Extended Data Fig. 2 Enrichment of two-amino acid motifs in samples treated with TcmX.
Heatmaps showing the enrichment of individual residues at positions −2 to +1, and all possible combinations of motifs consisting of two adjacent amino acids, following treatment with TcmX. Enrichment is defined as log2(FTcmX/Funtreated), where FTcmX is the frequency of occurrence of a given motif in the sample treated with TcmX and Funtreated is its frequency in the untreated sample.

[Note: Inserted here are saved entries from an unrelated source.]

lemma fi_periodic_ract: "fi_periodic s \<Longrightarrow> fi_periodic (ract s g)"
  using periodic_ract by (auto simp: fi_periodic_def)

lemma finite_range_ract:
  assumes H: "nfi_subgroup H" and s: "periodic H s"
  shows "finite (range (ract s))"
proof -
  let ?rep = "\<lambda>C. ract s (SOME g. g \<in> C)"
  have "ract s g = ?rep ((+) g ` H)" for g
  proof -
    have "g \<in> (+) g ` H" using H by (auto simp: nfi_subgroup_def intro: image_eqI[of _ _ 0])
    then have "(SOME g'. g' \<in> (+) g ` H) \<in> (+) g ` H" by (rule someI)
    then obtain k where "k \<in> H" "(SOME g'. g' \<in> (+) g ` H) = g + k" by blast
    then show ?thesis using ract_add_period[OF H s] by simp
  qed
  then have "range (ract s) \<subseteq> ?rep ` ((\<lambda>g. (+) g ` H) ` UNIV)" by blast
  moreover have "finite ((\<lambda>g. (+) g ` H) ` UNIV)" using H by (simp add: nfi_subgroup_def)
  ultimately show ?thesis by (meson finite_imageI finite_subset)
qed

lemma fd_G_module_span_orbit:
  assumes B: "finite (range (ract s))"
  shows "fd_G_module {(\<lambda>h t. \<Sum>b\<in>range (ract s). c b * b h t) | c. True}"
  unfolding fd_G_module_def
proof (intro conjI ballI allI)
  fix v g assume "v \<in> {(\<lambda>h t. \<Sum>b\<in>range (ract s). c b * b h t) | c. True}"
  then obtain c where v: "v = (\<lambda>h t. \<Sum>b\<in>range (ract s). c b * b h t)" by blast
  have "ract v g = (\<lambda>h t. \<Sum>b\<in>range (ract s). c (ract b (- g)) * b h t)"
  proof (intro ext)
    fix h t
    have "ract v g h t = (\<Sum>b\<in>range (ract s). c b * ract b g h t)" by (simp add: v ract_def)
    also have "\<dots> = (\<Sum>b\<in>range (ract s). c (ract b (- g)) * b h t)"
      by (rule sum.reindex_bij_witness[where i="\<lambda>b. ract b (- g)" and j="\<lambda>b. ract b g"])
        (auto simp: ract_ract)
    finally show "ract v g h t = (\<Sum>b\<in>range (ract s). c (ract b (- g)) * b h t)" .
  qed
  moreover have "(\<lambda>h t. \<Sum>b\<in>range (ract s). c (ract b (- g)) * b h t)
      \<in> {(\<lambda>h t. \<Sum>b\<in>range (ract s). c b * b h t) | c. True}"
    by (intro CollectI exI[of _ "\<lambda>b. c (ract b (- g))"] conjI refl TrueI)
  ultimately show "ract v g \<in> {(\<lambda>h t. \<Sum>b\<in>range (ract s). c b * b h t) | c. True}"
    by (simp only:)
next
  show "\<exists>B. finite B \<and> {(\<lambda>h t. \<Sum>b\<in>range (ract s). c b * b h t) | c. True} =
      {(\<lambda>h t. \<Sum>b\<in>B. c b * b h t) | c. True}"
    by (intro exI[of _ "range (ract s)"] conjI B refl)
qed

lemma Sol_per_in_fd_G_module:
  assumes "s \<in> Sol_per \<alpha>"
  shows "\<exists>V. s \<in> V \<and> V \<subseteq> Sol_per \<alpha> \<and> fd_G_module V"
proof -
  obtain H where s: "is_sol \<alpha> s" and H: "nfi_subgroup H" "periodic H s"
    using assms by (auto simp: Sol_per_def)
  let ?B = "range (ract s)"
  let ?V = "{(\<lambda>h t. \<Sum>b\<in>?B. c b * b h t) | c. True}"
  have B: "finite ?B" by (rule finite_range_ract[OF H])
  have sB: "s \<in> ?B" by (metis ract_0 rangeI)
  have "(\<lambda>h t. \<Sum>b\<in>?B. (if b = s then 1 else 0) * b h t) = s"
  proof (intro ext)
    fix h t
    have "(\<Sum>b\<in>?B. (if b = s then 1 else 0) * b h t) = (\<Sum>b\<in>?B. if b = s then s h t else 0)"
      by (rule sum.cong) auto
    then show "(\<Sum>b\<in>?B. (if b = s then 1 else 0) * b h t) = s h t" using B sB by simp
  qed
  moreover have "(\<lambda>h t. \<Sum>b\<in>?B. (if b = s then 1 else 0) * b h t) \<in> ?V"
    by (intro CollectI exI[of _ "\<lambda>b. if b = s then 1 else 0"] conjI refl TrueI)
  ultimately have "s \<in> ?V" by (simp only:)
  moreover have "?V \<subseteq> Sol_per \<alpha>"
  proof
    fix v assume "v \<in> ?V"
    then obtain c where v: "v = (\<lambda>h t. \<Sum>b\<in>?B. c b * b h t)" by blast
    have "is_sol \<alpha> v" unfolding v by (rule is_sol_sum) (auto intro: is_sol_ract[OF s])
    moreover have "periodic H v" unfolding v by (rule periodic_sum) (auto intro: periodic_ract[OF H])
    ultimately show "v \<in> Sol_per \<alpha>" using H(1) by (auto simp: Sol_per_def)
  qed
  ultimately show ?thesis by (intro exI[of _ ?V] conjI fd_G_module_span_orbit[OF B])
qed

section \<open>The action of the profinite completion\<close>

lemma profin_nonempty:
  assumes "x \<in> profin" "nfi_subgroup H"
  obtains g where "g \<in> x H"
proof -
  obtain a where "x H = (+) a ` H" using assms by (auto simp: profin_def)
  moreover have "0 \<in> H" using assms(2) by (simp add: nfi_subgroup_def)
  ultimately have "a \<in> x H" by (metis add_0_right image_eqI)
  then show ?thesis using that by blast
qed

lemma profin_same_coset:
  assumes "x \<in> profin" "nfi_subgroup H" "a \<in> x H" "b \<in> x H"
  shows "\<exists>k\<in>H. a = b + k"
proof -
  obtain c where "x H = (+) c ` H" using assms by (auto simp: profin_def)
  then obtain k1 k2 where k: "k1 \<in> H" "k2 \<in> H" "a = c + k1" "b = c + k2" using assms by auto
  then have "- k2 + k1 \<in> H" using assms(2) by (simp add: nfi_subgroup_def)
  with k show ?thesis by (simp add: add.assoc[symmetric] bexI[of _ "- k2 + k1"])
qed

text \<open>The compatibility of \<open>x\<close> under \<open>H\<^sub>1 \<inter> H\<^sub>2 \<subseteq> H\<^sub>i\<close> makes \<open>s\<star>x\<close> independent of the period.\<close>
lemma ract_profin_eq:
  assumes H1: "nfi_subgroup H1" "periodic H1 s" and H2: "nfi_subgroup H2" "periodic H2 s"
    and x: "x \<in> profin" and g: "g1 \<in> x H1" "g2 \<in> x H2"
  shows "ract s g1 = ract s g2"
proof -
  have K: "nfi_subgroup (H1 \<inter> H2)" using nfi_subgroup_Int H1 H2 by blast
  obtain c where c: "c \<in> x (H1 \<inter> H2)" using profin_nonempty[OF x K] by blast
  have "x (H1 \<inter> H2) \<subseteq> x H1" "x (H1 \<inter> H2) \<subseteq> x H2"
    using H1 H2 K x by (auto simp: profin_def)
  then have "\<exists>k\<in>H1. g1 = c + k" "\<exists>k\<in>H2. g2 = c + k"
    using profin_same_coset[OF x] H1 H2 g c by blast+
  then show ?thesis using ract_add_period H1 H2 by metis
qed

definition period_of :: "('g::group_add \<Rightarrow> nat \<Rightarrow> complex) \<Rightarrow> 'g set" where
  "period_of s = (SOME H. nfi_subgroup H \<and> periodic H s)"

definition profin_act :: "('g::group_add \<Rightarrow> nat \<Rightarrow> complex) \<Rightarrow> ('g set \<Rightarrow> 'g set) \<Rightarrow> 'g \<Rightarrow> nat \<Rightarrow> complex" where
  "profin_act s x = ract s (SOME g. g \<in> x (period_of s))"

lemma period_of: "fi_periodic s \<Longrightarrow> nfi_subgroup (period_of s) \<and> periodic (period_of s) s"
  unfolding period_of_def fi_periodic_def by (rule someI_ex)

lemma profin_act_eq:
  assumes "nfi_subgroup H" "periodic H s" "x \<in> profin" "g \<in> x H"
  shows "profin_act s x = ract s g"
proof -
  have P: "nfi_subgroup (period_of s)" "periodic (period_of s) s"
    using period_of assms(1,2) by (auto simp: fi_periodic_def)
  obtain a where "a \<in> x (period_of s)" using profin_nonempty[OF assms(3) P(1)] .
  then have "(SOME g. g \<in> x (period_of s)) \<in> x (period_of s)" by (rule someI)
  then show ?thesis
    unfolding profin_act_def using ract_profin_eq[OF P assms(1-3) _ assms(4)] by blast
qed

lemma profin_act_is_ract:
  assumes "fi_periodic s" "x \<in> profin"
  obtains g where "profin_act s x = ract s g"
  using assms profin_act_eq profin_nonempty unfolding fi_periodic_def by metis

lemma profin_act_profin_of:
  assumes "fi_periodic s"
  shows "profin_act s (profin_of g) = ract s g"
proof -
  obtain H where H: "nfi_subgroup H" "periodic H s" using assms by (auto simp: fi_periodic_def)
  have "profin_of g \<in> profin" by (auto simp: profin_def profin_of_def)
  moreover have "g \<in> profin_of g H"
    using H(1) by (auto simp: profin_of_def nfi_subgroup_def intro: image_eqI[of _ _ 0])
  ultimately show ?thesis by (rule profin_act_eq[OF H])
qed

lemma profin_act_mult:
  assumes s: "fi_periodic s" and x: "x \<in> profin" and y: "y \<in> profin"
  shows "profin_act s (profin_mult x y) = profin_act (profin_act s x) y"
proof -
  define H where "H = period_of s"
  have H: "nfi_subgroup H" "periodic H s" using period_of[OF s] by (auto simp: H_def)
  obtain a where "a \<in> x H" using profin_nonempty[OF x H(1)] .
  moreover obtain b where "b \<in> y H" using profin_nonempty[OF y H(1)] .
  ultimately have "a + b \<in> profin_mult x y H" by (auto simp: profin_mult_def)
  then have "(SOME g. g \<in> profin_mult x y H) \<in> profin_mult x y H" by (rule someI)
  then obtain a' b' where ab: "(SOME g. g \<in> profin_mult x y H) = a' + b'" "a' \<in> x H" "b' \<in> y H"
    by (auto simp: profin_mult_def)
  have "profin_act s (profin_mult x y) = ract (ract s a') b'"
    by (simp add: profin_act_def H_def[symmetric] ab(1) ract_ract)
  also have "\<dots> = profin_act (ract s a') y"
    using profin_act_eq[OF H(1) periodic_ract[OF H] y ab(3)] by simp
  also have "ract s a' = profin_act s x"
    using profin_act_eq[OF H x ab(2)] by simp
  finally show ?thesis .
qed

Extended Data Fig. 3 Four-amino acid motifs at position [−2,+1] ending with LK are not significantly enriched following TcmX treatment.
Volcano plot of statistical significance (−log10(p-value)) against enrichment (log2(fold change)) for four-amino acid motifs at position [−2,+1]. Motifs ending in LK are shown in yellow and the two LK-containing motifs described in Ref. 6 (FVLK/TILK) are labeled in bold. P-values were calculated by DESeq2 (Ref. 33) using a one-sided Wald test, without correction for multiple-testing.

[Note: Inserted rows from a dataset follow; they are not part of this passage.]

lemma negligible_net_uminus: "negligible_net r \<Longrightarrow> negligible_net (\<lambda>e. - r e)"
  unfolding negligible_net_def by simp

lemma negligible_net_diff:
  "negligible_net r \<Longrightarrow> negligible_net s \<Longrightarrow> negligible_net (\<lambda>e. r e - s e)"
  unfolding negligible_net_def by (simp add: sum_in_bigo(2))

lemma negligible_imp_moderate_net:
  assumes "negligible_net r"
  shows "moderate_net r"
proof -
  have "r \<in> O[at_right 0](\<lambda>e. e ^ 0)"
    using assms unfolding negligible_net_def by blast
  then show ?thesis
    unfolding moderate_net_def by (intro exI[of _ 0]) simp
qed

lemma negligible_net_mult_moderate:
  assumes "negligible_net r" "moderate_net s"
  shows "negligible_net (\<lambda>e. r e * s e)"
  unfolding negligible_net_def
proof
  fix m
  obtain N where "s \<in> O[at_right 0](\<lambda>e. inverse (e ^ N))"
    using assms(2) unfolding moderate_net_def by blast
  moreover have "r \<in> O[at_right 0](\<lambda>e. e ^ (m + N))"
    using assms(1) unfolding negligible_net_def by blast
  ultimately have "(\<lambda>e. r e * s e) \<in> O[at_right 0](\<lambda>e. e ^ (m + N) * inverse (e ^ N))"
    by (intro landau_o.big.mult)
  also have "\<forall>\<^sub>F e in at_right 0. e ^ (m + N) * inverse (e ^ N) = (e::real) ^ m"
    by (rule eventually_mono[OF eventually_at_right_I_set]) (simp add: I_set_def power_add)
  then have "O[at_right 0](\<lambda>e. e ^ (m + N) * inverse (e ^ N)) = O[at_right 0](\<lambda>e. (e::real) ^ m)"
    by (rule landau_o.big.cong)
  finally show "(\<lambda>e. r e * s e) \<in> O[at_right 0](\<lambda>e. e ^ m)" .
qed

lemma flat_exp_le_power:
  assumes "e \<in> I_set"
  shows "flat_exp e \<le> real (Suc m) ^ Suc m * e ^ m"
proof -
  define n where "n = Suc m"
  have e: "0 < e" "e \<le> 1" using assms by (auto simp: I_set_def)
  have "(inverse e / real n) ^ n \<le> (1 + inverse e / real n) ^ n"
    using e by (intro power_mono) (auto simp: n_def)
  also have "\<dots> \<le> exp (inverse e)"
  proof (rule exp_ge_one_plus_x_over_n_power_n)
    show "- real n \<le> inverse e" using e by (simp add: order.trans[of _ 0])
  qed (simp add: n_def)
  finally have "inverse (exp (inverse e)) \<le> inverse ((inverse e / real n) ^ n)"
    using e by (intro le_imp_inverse_le) (auto simp: n_def)
  also have "\<dots> = real n ^ n * e ^ n"
    by (simp add: power_divide power_inverse) (simp add: divide_inverse)
  also have "\<dots> \<le> real n ^ n * e ^ m"
    using e by (intro mult_left_mono power_decreasing) (auto simp: n_def)
  finally show ?thesis by (simp add: flat_exp_def exp_minus n_def)
qed

lemma negligible_net_flat_exp: "negligible_net flat_exp"
  unfolding negligible_net_def
proof
  fix m
  show "flat_exp \<in> O[at_right 0](\<lambda>e. e ^ m)"
  proof (intro bigoI eventually_mono[OF eventually_at_right_I_set])
    fix e assume e: "e \<in> I_set"
    then have "0 < e" by (simp add: I_set_def)
    with flat_exp_le_power[OF e, of m] flat_exp_pos[of e]
    show "norm (flat_exp e) \<le> real (Suc m) ^ Suc m * norm (e ^ m)" by simp
  qed
qed

lemma moderate_net_abs: "moderate_net r \<Longrightarrow> moderate_net (\<lambda>e. \<bar>r e\<bar>)"
  by (erule moderate_net_dominated) simp

lemma negligible_net_abs: "negligible_net r \<Longrightarrow> negligible_net (\<lambda>e. \<bar>r e\<bar>)"
  by (erule negligible_net_dominated) simp

section \<open>The quotient ring\<close>

lemma E_sm_const: "(\<lambda>_. c) \<in> E_sm"
  by (simp add: E_sm_def smooth_net_const moderate_net_const)

lemma E_sm_add: "r \<in> E_sm \<Longrightarrow> s \<in> E_sm \<Longrightarrow> (\<lambda>e. r e + s e) \<in> E_sm"
  by (simp add: E_sm_def smooth_net_add moderate_net_add)

lemma E_sm_mult: "r \<in> E_sm \<Longrightarrow> s \<in> E_sm \<Longrightarrow> (\<lambda>e. r e * s e) \<in> E_sm"
  by (simp add: E_sm_def smooth_net_mult moderate_net_mult)

lemma E_sm_uminus: "r \<in> E_sm \<Longrightarrow> (\<lambda>e. - r e) \<in> E_sm"
  using E_sm_mult[OF E_sm_const, of r "- 1"] by simp

lemma N_sm_subset_E_sm: "N_sm \<subseteq> E_sm"
  by (auto simp: N_sm_def E_sm_def negligible_imp_moderate_net)

lemma N_sm_zero: "(\<lambda>_. 0) \<in> N_sm"
  by (simp add: N_sm_def smooth_net_const negligible_net_zero)

lemma N_sm_add: "r \<in> N_sm \<Longrightarrow> s \<in> N_sm \<Longrightarrow> (\<lambda>e. r e + s e) \<in> N_sm"
  by (simp add: N_sm_def smooth_net_add negligible_net_add)

lemma N_sm_diff: "r \<in> N_sm \<Longrightarrow> s \<in> N_sm \<Longrightarrow> (\<lambda>e. r e - s e) \<in> N_sm"
  by (simp add: N_sm_def smooth_net_diff negligible_net_diff)

lemma N_sm_uminus: "r \<in> N_sm \<Longrightarrow> (\<lambda>e. - r e) \<in> N_sm"
  by (simp add: N_sm_def smooth_net_uminus negligible_net_uminus)

lemma N_sm_mult_E_sm: "r \<in> N_sm \<Longrightarrow> s \<in> E_sm \<Longrightarrow> (\<lambda>e. r e * s e) \<in> N_sm"
  by (simp add: N_sm_def E_sm_def smooth_net_mult negligible_net_mult_moderate)

lemma N_sm_flat_exp: "flat_exp \<in> N_sm"
  by (simp add: N_sm_def smooth_net_flat_exp negligible_net_flat_exp)

lemma N_sm_smooth_abs:
  assumes "n \<in> N_sm"
  shows "smooth_abs n \<in> N_sm"
proof -
  have n: "smooth_net n" "negligible_net n" using assms by (simp_all add: N_sm_def)
  have "negligible_net (\<lambda>e. \<bar>n e\<bar> + flat_exp e)"
    by (rule negligible_net_add[OF negligible_net_abs[OF n(2)] negligible_net_flat_exp])
  then have "negligible_net (smooth_abs n)"
  proof (rule negligible_net_dominated)
    show "\<bar>smooth_abs n e\<bar> \<le> \<bar>\<bar>n e\<bar> + flat_exp e\<bar>" for e
      using abs_le_smooth_abs[of n e] smooth_abs_le[of n e] flat_exp_pos[of e] by argo
  qed
  with n show ?thesis by (simp add: N_sm_def smooth_net_smooth_abs)
qed

lemma E_sm_smooth_min_max:
  assumes "r \<in> E_sm" "s \<in> E_sm"
  shows "smooth_min r s \<in> E_sm" "smooth_max r s \<in> E_sm"
proof -
  have r: "smooth_net r" "moderate_net r" and s: "smooth_net s" "moderate_net s"
    using assms by (simp_all add: E_sm_def)
  define bound where "bound e = \<bar>r e\<bar> + \<bar>s e\<bar> + flat_exp e" for e
  have mb: "moderate_net bound"
    unfolding bound_def[abs_def]
    by (intro moderate_net_add moderate_net_abs r(2) s(2) negligible_imp_moderate_net[OF negligible_net_flat_exp])
  have "\<bar>smooth_min r s e\<bar> \<le> \<bar>bound e\<bar>" "\<bar>smooth_max r s e\<bar> \<le> \<bar>bound e\<bar>" for e
    using smooth_min_approx[of r s e] smooth_max_approx[of r s e] flat_exp_pos[of e]
    unfolding bound_def by argo+
  then have "moderate_net (smooth_min r s)" "moderate_net (smooth_max r s)"
    by (simp_all add: moderate_net_dominated[OF mb])
  with r s show "smooth_min r s \<in> E_sm" "smooth_max r s \<in> E_sm"
    by (simp_all add: E_sm_def smooth_net_smooth_min smooth_net_smooth_max)
qed

lemma equiv_rel_sm: "equiv E_sm rel_sm"
proof (rule equivI)
  show "refl_on E_sm rel_sm"
    unfolding refl_on_def rel_sm_def by (simp add: N_sm_zero)
  show "sym rel_sm"
    unfolding sym_def rel_sm_def using N_sm_uminus by fastforce
  show "trans rel_sm"
    unfolding trans_def rel_sm_def using N_sm_add by fastforce
  show "rel_sm \<subseteq> E_sm \<times> E_sm"
    unfolding rel_sm_def by blast
qed

lemma in_cls_sm_iff: "s \<in> cls_sm r \<longleftrightarrow> (r, s) \<in> rel_sm"
  by (simp add: cls_sm_def)

lemma cls_sm_self: "r \<in> E_sm \<Longrightarrow> r \<in> cls_sm r"
  using equiv_rel_sm unfolding in_cls_sm_iff equiv_def refl_on_def by blast

lemma cls_sm_eq_iff: "r \<in> E_sm \<Longrightarrow> s \<in> E_sm \<Longrightarrow> cls_sm r = cls_sm s \<longleftrightarrow> (\<lambda>e. r e - s e) \<in> N_sm"
  unfolding cls_sm_def using eq_equiv_class_iff[OF equiv_rel_sm] by (simp add: rel_sm_def)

Extended Data Fig. 4 Ability of different PQKC variants to induce TcmX-dependent stalling.
Volcano plots of statistical significance (−log10(p-value)) against enrichment (log2(fold change)) for four-amino acid motifs at position [−2,+1]. Single amino acid variants of the PQKC motif are shown in red, XQKX motifs are in blue, PQXC or PXKC motifs are in orange and PXXC motifs are in yellow. P-values were calculated by DESeq2 (Ref. 33) using a one-sided Wald test, without correction for multiple-testing.
Extended Data Fig. 5 Codon composition does not have a major influence on TcmX-dependent ribosome stalling at QK motifs.
Violin plot showing the enrichment of various three-amino acid motifs at positions [−2,0] following treatment with TcmX. Each bar represents a motif variant with a distinct codon composition.
Extended Data Fig. 6 Overview of cryo-EM data processing.
Flowchart showing the workflow used to process cryo-EM data for the 70S–MAAAPQKC–TcmX complex in Relion v4.0 (ref. 41). The final reconstruction could be refined to an overall resolution of 2.7 Å, assessed using a Fourier shell correlation (FSC) cutoff of 0.143.
Extended Data Fig. 7 Quality of the 70S–MAAAPQKC–TcmX reconstruction.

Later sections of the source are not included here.